[Start of Attachment]
locale frobenius_unital_point = frobenius_unital +
  fixes c :: 'a
  assumes c_conj: "c ^ q = - c"
    and c_neq_zero: "c \<noteq> 0"
begin

definition line_defect :: "'a \<Rightarrow> 'a \<Rightarrow> 'a" where
  "line_defect m x = height_skew x + (m * x) ^ q - m * x - 2 * c"

lemma affine_pt_on_slope_in_unital_ab_iff:
  "pt (x, m * x + c, 1) \<in> unital_ab q \<alpha> \<beta> \<longleftrightarrow> line_defect m x = 0"
proof -
  have "(m * x + c - unital_height x) ^ q - (m * x + c - unital_height x) = line_defect m x"
    by (simp add: line_defect_def height_skew_def c_conj)
  then show ?thesis
    unfolding affine_pt_in_unital_ab_iff by (metis eq_iff_diff_eq_0)
qed

lemma line_defect_add:
  "line_defect m (x + y) =
     line_defect m x + height_skew y + ((m - tangent_slope x) * y) ^ q - (m - tangent_slope x) * y"
  by (simp add: line_defect_def height_skew_add algebra_simps)

lemma line_defect_tangent_slope: "line_defect (tangent_slope x) x = - (height_skew x + 2 * c)"
proof -
  have "(tangent_slope x * x) ^ q - tangent_slope x * x = - 2 * height_skew x"
    by (simp add: tangent_slope_def height_skew_def unital_height_def power_mult_distrib power_add
        power2_eq_square algebra_simps)
  then show ?thesis
    by (simp add: line_defect_def algebra_simps)
qed

text \<open>For t in GF(q) the linear part of line_defect m at x0 + t c / d, d the difference of the
  slopes, is -2 t c; the choice t = 2 c / H(c / d) makes the quadratic part cancel it.\<close>
lemma line_defect_second_root:
  assumes x0_root: "line_defect m x0 = 0" and "m \<noteq> tangent_slope x0"
  obtains y where "y \<noteq> 0" "line_defect m (x0 + y) = 0"
proof -
  define d where "d = m - tangent_slope x0"
  have "d \<noteq> 0"
    using assms(2) by (simp add: d_def)
  define y where "y = c / d"
  have "y \<noteq> 0"
    using \<open>d \<noteq> 0\<close> c_neq_zero by (simp add: y_def)
  then have "height_skew y \<noteq> 0"
    by (simp add: height_skew_eq_zero_iff)
  define t where "t = 2 * c / height_skew y"
  have "t ^ q = t"
    by (simp add: t_def power_divide height_skew_conj c_conj)
  have "t \<noteq> 0"
    using two_neq_zero c_neq_zero \<open>height_skew y \<noteq> 0\<close> by (simp add: t_def)
  have dty: "d * (t * y) = t * c"
    using \<open>d \<noteq> 0\<close> by (simp add: y_def)
  have "line_defect m (x0 + t * y) =
      line_defect m x0 + height_skew (t * y) + (d * (t * y)) ^ q - d * (t * y)"
    unfolding d_def by (rule line_defect_add)
  also have "\<dots> = t ^ 2 * height_skew y + (t * c) ^ q - t * c"
    unfolding dty x0_root height_skew_scale[OF \<open>t ^ q = t\<close>] by simp
  also have "\<dots> = t * (t * height_skew y - 2 * c)"
    using \<open>t ^ q = t\<close> by (simp add: power_mult_distrib c_conj power2_eq_square algebra_simps)
  also have "\<dots> = 0"
    using \<open>height_skew y \<noteq> 0\<close> by (simp add: t_def)
  finally have root: "line_defect m (x0 + t * y) = 0" .
  have "t * y \<noteq> 0"
    using \<open>t \<noteq> 0\<close> \<open>y \<noteq> 0\<close> by simp
  from this root show ?thesis
    by (rule that)
qed

lemma line_defect_roots_eq_singleton_iff:
  "{x. line_defect m x = 0} = {x0} \<longleftrightarrow> m = tangent_slope x0 \<and> height_skew x0 + 2 * c = 0"
proof
  assume roots: "{x. line_defect m x = 0} = {x0}"
  then have x0_root: "line_defect m x0 = 0"
    by blast
  have "m = tangent_slope x0"
  proof (rule ccontr)
    assume "m \<noteq> tangent_slope x0"
    then obtain y where "y \<noteq> 0" "line_defect m (x0 + y) = 0"
      using line_defect_second_root[OF x0_root] by blast
    then have "x0 + y = x0"
      using roots by blast
    with \<open>y \<noteq> 0\<close> show False
      by simp
  qed
  with x0_root show "m = tangent_slope x0 \<and> height_skew x0 + 2 * c = 0"
    using line_defect_tangent_slope[of x0] by (simp add: neg_eq_iff_add_eq_0)
next
  assume "m = tangent_slope x0 \<and> height_skew x0 + 2 * c = 0"
  then have "line_defect m x = height_skew (x - x0)" for x
    using line_defect_add[of m x0 "x - x0"] line_defect_tangent_slope[of x0] by simp
  then show "{x. line_defect m x = 0} = {x0}"
    by (auto simp: height_skew_eq_zero_iff)
qed

definition slope_line :: "'a \<Rightarrow> 'a vec3 set set" where
  "slope_line m = pg_line (- m, 1, - c)"

lemma slope_line_in_pg_lines: "slope_line m \<in> pg_lines"
  by (simp add: slope_line_def pg_line_in_pg_lines)

lemma affine_pt_in_slope_line_iff: "pt (x, y, 1) \<in> slope_line m \<longleftrightarrow> y = m * x + c"
  by (auto simp: slope_line_def pt_in_pg_line_iff algebra_simps)

lemma infinity_notin_slope_line: "pt (0, 1, 0) \<notin> slope_line m"
  by (simp add: slope_line_def pt_in_pg_line_iff)

lemma slope_line_inter_unital_ab:
  "slope_line m \<inter> unital_ab q \<alpha> \<beta> = (\<lambda>x. pt (x, m * x + c, 1)) ` {x. line_defect m x = 0}"
proof safe
  fix P
  assume "P \<in> slope_line m" "P \<in> unital_ab q \<alpha> \<beta>"
  from \<open>P \<in> unital_ab q \<alpha> \<beta>\<close> show "P \<in> (\<lambda>x. pt (x, m * x + c, 1)) ` {x. line_defect m x = 0}"
  proof (cases rule: unital_ab_cases)
    case (2 x y)
    with \<open>P \<in> slope_line m\<close> \<open>P \<in> unital_ab q \<alpha> \<beta>\<close> show ?thesis
      by (auto simp: affine_pt_in_slope_line_iff affine_pt_on_slope_in_unital_ab_iff)
  qed (use \<open>P \<in> slope_line m\<close> infinity_notin_slope_line in blast)
qed (auto simp: affine_pt_in_slope_line_iff affine_pt_on_slope_in_unital_ab_iff)

lemma tangent_line_through_axis_point:
  assumes "tangent_line (unital_ab q \<alpha> \<beta>) l" "pt (0, c, 1) \<in> l"
  obtains m where "l = slope_line m"
proof -
  obtain a1 a2 a3 where l: "l = pg_line (a1, a2, a3)" "(a1, a2, a3) \<noteq> (0, 0, 0)"
    using assms(1) unfolding tangent_line_def pg_lines_def by auto
  have "a2 * c + a3 = 0"
    using assms(2) by (simp add: l pt_in_pg_line_iff)
  then have a3: "a3 = - a2 * c"
    by (simp add: eq_neg_iff_add_eq_0 add.commute)
  have "a2 \<noteq> 0"
  proof
    assume "a2 = 0"
    then have "pt (0, 1, 0) \<in> l \<inter> unital_ab q \<alpha> \<beta>" "pt (0, 0, 1) \<in> l \<inter> unital_ab q \<alpha> \<beta>"
      by (simp_all add: l a3 pt_in_pg_line_iff infinity_in_unital_ab affine_pt_in_unital_ab_iff
          unital_height_def power_0_left q_pos)
    moreover have "card (l \<inter> unital_ab q \<alpha> \<beta>) = 1"
      using assms(1) unfolding tangent_line_def by blast
    then obtain P where "l \<inter> unital_ab q \<alpha> \<beta> = {P}"
      by (rule card_1_singletonE)
    ultimately show False
      using pt_affine_neq_infinity[of 0 0] by blast
  qed
  then have "(a1, a2, a3) = scal3 a2 (- (- a1 / a2), 1, - c)"
    by (simp add: a3 scal3_def)
  then have "l = slope_line (- a1 / a2)"
    using \<open>a2 \<noteq> 0\<close> by (simp add: l slope_line_def pg_line_scal3)
  then show ?thesis
    by (rule that)
qed

lemma pedal_iff_slope_line:
  "Q \<in> pedal (unital_ab q \<alpha> \<beta>) (pt (0, c, 1)) \<longleftrightarrow>
     (\<exists>m. slope_line m \<inter> unital_ab q \<alpha> \<beta> = {Q})"
proof
  assume "Q \<in> pedal (unital_ab q \<alpha> \<beta>) (pt (0, c, 1))"
  then obtain l where l: "tangent_line (unital_ab q \<alpha> \<beta>) l" "pt (0, c, 1) \<in> l"
      "l \<inter> unital_ab q \<alpha> \<beta> = {Q}"
    unfolding pedal_def by blast
  obtain m where "l = slope_line m"
    using tangent_line_through_axis_point[OF l(1,2)] .
  with l(3) show "\<exists>m. slope_line m \<inter> unital_ab q \<alpha> \<beta> = {Q}"
    by blast
next
  assume "\<exists>m. slope_line m \<inter> unital_ab q \<alpha> \<beta> = {Q}"
  then obtain m where m: "slope_line m \<inter> unital_ab q \<alpha> \<beta> = {Q}"
    by blast
  then have "tangent_line (unital_ab q \<alpha> \<beta>) (slope_line m)"
    unfolding tangent_line_def by (simp add: slope_line_in_pg_lines)
  moreover have "pt (0, c, 1) \<in> slope_line m"
    by (simp add: affine_pt_in_slope_line_iff)
  ultimately show "Q \<in> pedal (unital_ab q \<alpha> \<beta>) (pt (0, c, 1))"
    unfolding pedal_def using m by blast
qed

lemma mem_pedal_iff:
  "Q \<in> pedal (unital_ab q \<alpha> \<beta>) (pt (0, c, 1)) \<longleftrightarrow>
     (\<exists>x. height_skew x + 2 * c = 0 \<and> Q = pt (x, tangent_slope x * x + c, 1))"
proof -
  have inj: "inj (\<lambda>x. pt (x, m * x + c, 1))" for m
    by (rule injI) (simp add: pt_affine_eq_iff)
  show ?thesis
    unfolding pedal_iff_slope_line slope_line_inter_unital_ab inj_image_eq_singleton_iff[OF inj]
      line_defect_roots_eq_singleton_iff
    by auto
qed

lemma pedal_eq:
  "pedal (unital_ab q \<alpha> \<beta>) (pt (0, c, 1)) =
     {pt (x, 2 * \<alpha> * x ^ 2 + (\<beta> - \<beta> ^ q) * x ^ (q + 1) + c, 1) | x.
        \<alpha> * x ^ 2 - \<alpha> ^ q * x ^ (2 * q) + (\<beta> - \<beta> ^ q) * x ^ (q + 1) + 2 * c = 0}"
  by (auto simp: mem_pedal_iff height_skew_eq tangent_slope_mult_self)

lemma tangent_point_height:
  assumes "height_skew x + 2 * c = 0"
  shows "tangent_slope x * x + 2 * c = \<alpha> * x ^ 2 + (\<alpha> * x ^ 2) ^ q"
proof -
  have "height_skew x = - (2 * c)"
    using assms by (simp add: eq_neg_iff_add_eq_0)
  moreover have "tangent_slope x * x - height_skew x = \<alpha> * x ^ 2 + (\<alpha> * x ^ 2) ^ q"
    by (simp add: tangent_slope_def height_skew_def unital_height_def power_mult_distrib power_add
        power2_eq_square algebra_simps)
  ultimately show ?thesis
    by simp
qed

lemma pedal_subset_pencil:
  "pedal (unital_ab q \<alpha> \<beta>) (pt (0, c, 1)) \<subseteq>
     \<Union> (pencil (pt (1, 0, 0)) ({pt (0, s - c, 1) | s. s \<in> subfield_q q} \<union> {pt (0, 1, 0)}))"
proof
  fix Q
  assume "Q \<in> pedal (unital_ab q \<alpha> \<beta>) (pt (0, c, 1))"
  then obtain x where x: "height_skew x + 2 * c = 0" and Q: "Q = pt (x, tangent_slope x * x + c, 1)"
    unfolding mem_pedal_iff by blast
  define s where "s = tangent_slope x * x + 2 * c"
  have "s \<in> subfield_q q"
    unfolding s_def tangent_point_height[OF x] by (rule trace_in_subfield_q)
  then have "pt (0, s - c, 1) \<in> {pt (0, s - c, 1) | s. s \<in> subfield_q q} \<union> {pt (0, 1, 0)}"
    by blast
  moreover have "Q = pt (x, s - c, 1)"
    by (simp add: Q s_def add.commute)
  ultimately show "Q \<in> \<Union> (pencil (pt (1, 0, 0)) ({pt (0, s - c, 1) | s. s \<in> subfield_q q} \<union> {pt (0, 1, 0)}))"
    by (simp only: affine_pt_in_pencil_through_infinity)
qed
[End of Attachment]
Look through the entries for the string "lambda". Every line that has it belongs in the answer.

Expected answer:
  "slope_line m \<inter> unital_ab q \<alpha> \<beta> = (\<lambda>x. pt (x, m * x + c, 1)) ` {x. line_defect m x = 0}"
  from \<open>P \<in> unital_ab q \<alpha> \<beta>\<close> show "P \<in> (\<lambda>x. pt (x, m * x + c, 1)) ` {x. line_defect m x = 0}"
  have inj: "inj (\<lambda>x. pt (x, m * x + c, 1))" for m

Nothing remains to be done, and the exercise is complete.